The publication The PowerPC Architecture: A specification for a new
family of RISC processors describes the PowerPC Instruction Set
Architecture has having three levels of compliance:
- UEA - User Instruction Set Architecture
"the registers, instructions, storage model, and execution
model that are available to all application programs"
- VEA - Virtual Environment Architecture
"the features of the architecture that permit application
programs to create or modify code, to share data among programs in a
multiprocessing system, and to optimize the performance of storage
accesses"
- OEA - Operating Environment Architecture
"the features of the architecture that permit operating
systems to allocate and manage storage, to handle errors encountered
by application programs, to support I/O devices, and to provide the
other services expected of secure, modern, multiprocessor operating
systems"
PSIM, both implements all three levels of the
PowerPC Instruction Set Architecture, and includes,
for each level, a number of simulated run-time environments:
- UEA
PSIM can run static programs compiled for any of
the following operating systems:
- VEA
Support for environmental features of the Instruction Set
Architecture including:
- Symetric multi-processing
- Cache manipulation
- Time base registers
- OEA
Details of the target PowerPC Platform being modeled
can be specified including:
- firmware (Motorola BUG or OpenFirmware)

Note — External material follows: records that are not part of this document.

(* For $\lambda\in\mathbb R$ let $q_\lambda(x,y)=6x^5y+20\lambda x^3y^3+6xy^5$. Then: (1) if $\lambda=1$, $\mathcal S(q_\lambda)=\{(1,1)\}$; (2) if $\lambda>0$ and $\lambda\ne1$, $\mathcal S(q_\lambda)=\{(2,2)\}$; (3) if $-\tfrac35<\lambda\le0$, $\mathcal S(q_\lambda)=\{(2,3),(3,2)\}$; (4) if $\lambda\le-\tfrac35$, $\mathcal S(q_\lambda)=\{(3,3)\}$.
   Context: A representation of a real binary sextic $p$ is an expression $p=\sum_{j=1}^r\lambda_j(\alpha_jx+\beta_jy)^{6}$ with $r\ge0$, $\alpha_j,\beta_j\in\mathbb R$, $0\ne\lambda_j\in\mathbb R$; it is honest if the linear forms $\alpha_jx+\beta_jy$ are pairwise non-proportional. Its badge is $(a,b)$ where $a=\#\{j:\lambda_j>0\}$, $b=\#\{j:\lambda_j<0\}$; $\mathcal B(p)$ is the set of badges of honest representations. With $(a,b)\preceq(c,d)$ iff $a\le c,b\le d$, a signature is a minimal element of $\mathcal B(p)$, and $\mathcal S(p)$ is the set of signatures. *)

theory Defs
  imports Complex_Main
begin

text \<open>A real binary sextic is represented by its polynomial function of (x,y);
  over the reals, polynomial identity and identity of functions coincide.\<close>

definition honest_rep ::
  "(real \<Rightarrow> real \<Rightarrow> real) \<Rightarrow> nat \<Rightarrow> (nat \<Rightarrow> real) \<Rightarrow> (nat \<Rightarrow> real) \<Rightarrow> (nat \<Rightarrow> real) \<Rightarrow> bool"
where
  "honest_rep p r lam al be \<longleftrightarrow>
     (\<forall>j<r. lam j \<noteq> 0) \<and>
     (\<forall>i<r. \<forall>j<r. i \<noteq> j \<longrightarrow> al i * be j - al j * be i \<noteq> 0) \<and>
     (\<forall>x y. p x y = (\<Sum>j<r. lam j * (al j * x + be j * y) ^ 6))"

definition badge :: "nat \<Rightarrow> (nat \<Rightarrow> real) \<Rightarrow> nat \<times> nat" where
  "badge r lam = (card {j. j < r \<and> lam j > 0}, card {j. j < r \<and> lam j < 0})"

definition badges :: "(real \<Rightarrow> real \<Rightarrow> real) \<Rightarrow> (nat \<times> nat) set" where
  "badges p = {badge r lam | r lam al be. honest_rep p r lam al be}"

definition badge_le :: "nat \<times> nat \<Rightarrow> nat \<times> nat \<Rightarrow> bool" where
  "badge_le u v \<longleftrightarrow> fst u \<le> fst v \<and> snd u \<le> snd v"

definition signatures :: "(real \<Rightarrow> real \<Rightarrow> real) \<Rightarrow> (nat \<times> nat) set" where
  "signatures p = {b \<in> badges p. \<forall>c \<in> badges p. badge_le c b \<longrightarrow> c = b}"

definition q :: "real \<Rightarrow> real \<Rightarrow> real \<Rightarrow> real" where
  "q l x y = 6 * x ^ 5 * y + 20 * l * x ^ 3 * y ^ 3 + 6 * x * y ^ 5"

end

theory Submission
  imports Defs
begin

(*
  Write n_k(p) for the k-th normalized coefficient of a sextic p (the coefficient of
  x^(6-k) y^k divided by binomial 6 k); q_l has normalized coefficients (0, 1, 0, l, 0, 1, 0),
  and a representation p = sum_j lam_j (al_j x + be_j y)^6 gives
  n_k(p) = sum_j lam_j al_j^(6-k) be_j^k.  Pairing q_l with products of lower-degree forms
  yields the two catalecticant identities the argument rests on:
   - for a binary cubic c, the Hankel form H_l(c) equals sum_j lam_j c(al_j, be_j)^2, so if
     H_l(c) > 0 then some positive term has its node off the zero set of c;
   - a binary quartic vanishing at all nodes satisfies three linear conditions.

  Lower bounds: cubics with H_l > 0 through any k independent nodes show that every honest
  representation has more than k positive terms (k = 0 for l > -1; k = 1 for l > -1, l <> 1;
  k = 2 for l <= -3/5), and the symmetry y -> -y transfers this to the negative terms.  For
  -1 < l <= 0 the quartic conditions exclude honest representations with four terms, hence
  the badge (2,2).
  Upper bounds: antipodal pairs (u x + y)^6 - (-u x + y)^6 realize the badge (n,n) from
  n-point measures with moments 1, l, 1, giving (1,1), (2,2), (3,3); a five-term
  representation from (x + y)^6 and two pairs (x + t y)^6 + (t x + y)^6 realizes (3,2) or
  (2,3) for -3/5 < l <= 0.
  The theorem follows case by case from two elementary descriptions of minimal badges.
*)

(* Row k of the inverse of the matrix (binomial 6 j * t^j) at the nodes t = -3, ..., 3:
   these weights recover the k-th normalized coefficient from the values p(1, t). *)
definition coeff_weight :: "nat \<Rightarrow> nat \<Rightarrow> real" where
  "coeff_weight k i = [[0, 0, 0, 1, 0, 0, 0],
     [-1/360, 1/40, -1/8, 0, 1/8, -1/40, 1/360],
     [1/2700, -1/200, 1/20, -49/540, 1/20, -1/200, 1/2700],
     [1/960, -1/120, 13/960, 0, -13/960, 1/120, -1/960],
     [-1/2160, 1/180, -13/720, 7/270, -13/720, 1/180, -1/2160],
     [-1/1440, 1/360, -1/288, 0, 1/288, -1/360, 1/1440],
     [1/720, -1/120, 1/48, -1/36, 1/48, -1/120, 1/720]] ! k ! i"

- memory and I/O address maps
- attached devices
- interrupt controller (OpenPIC) configuration
In addition, PSIM, to the execution unit level, models
the performance of most of the current PowerPC implementations
(contributed by Michael Meissner). This detailed performance monitoring
(unlike many other simulators) resulting in only a relatively marginal
reduction in the simulators performance.
This document, firstly explains how to build and run PSIM. It then goes
on to discuss the details of the internals of this simulator.
The most recent formal release of PSIM is version 2.1. In addition to
describing that release of PSIM, this document also describes extensions
that have been proposed for a future release of the PSIM Architecture.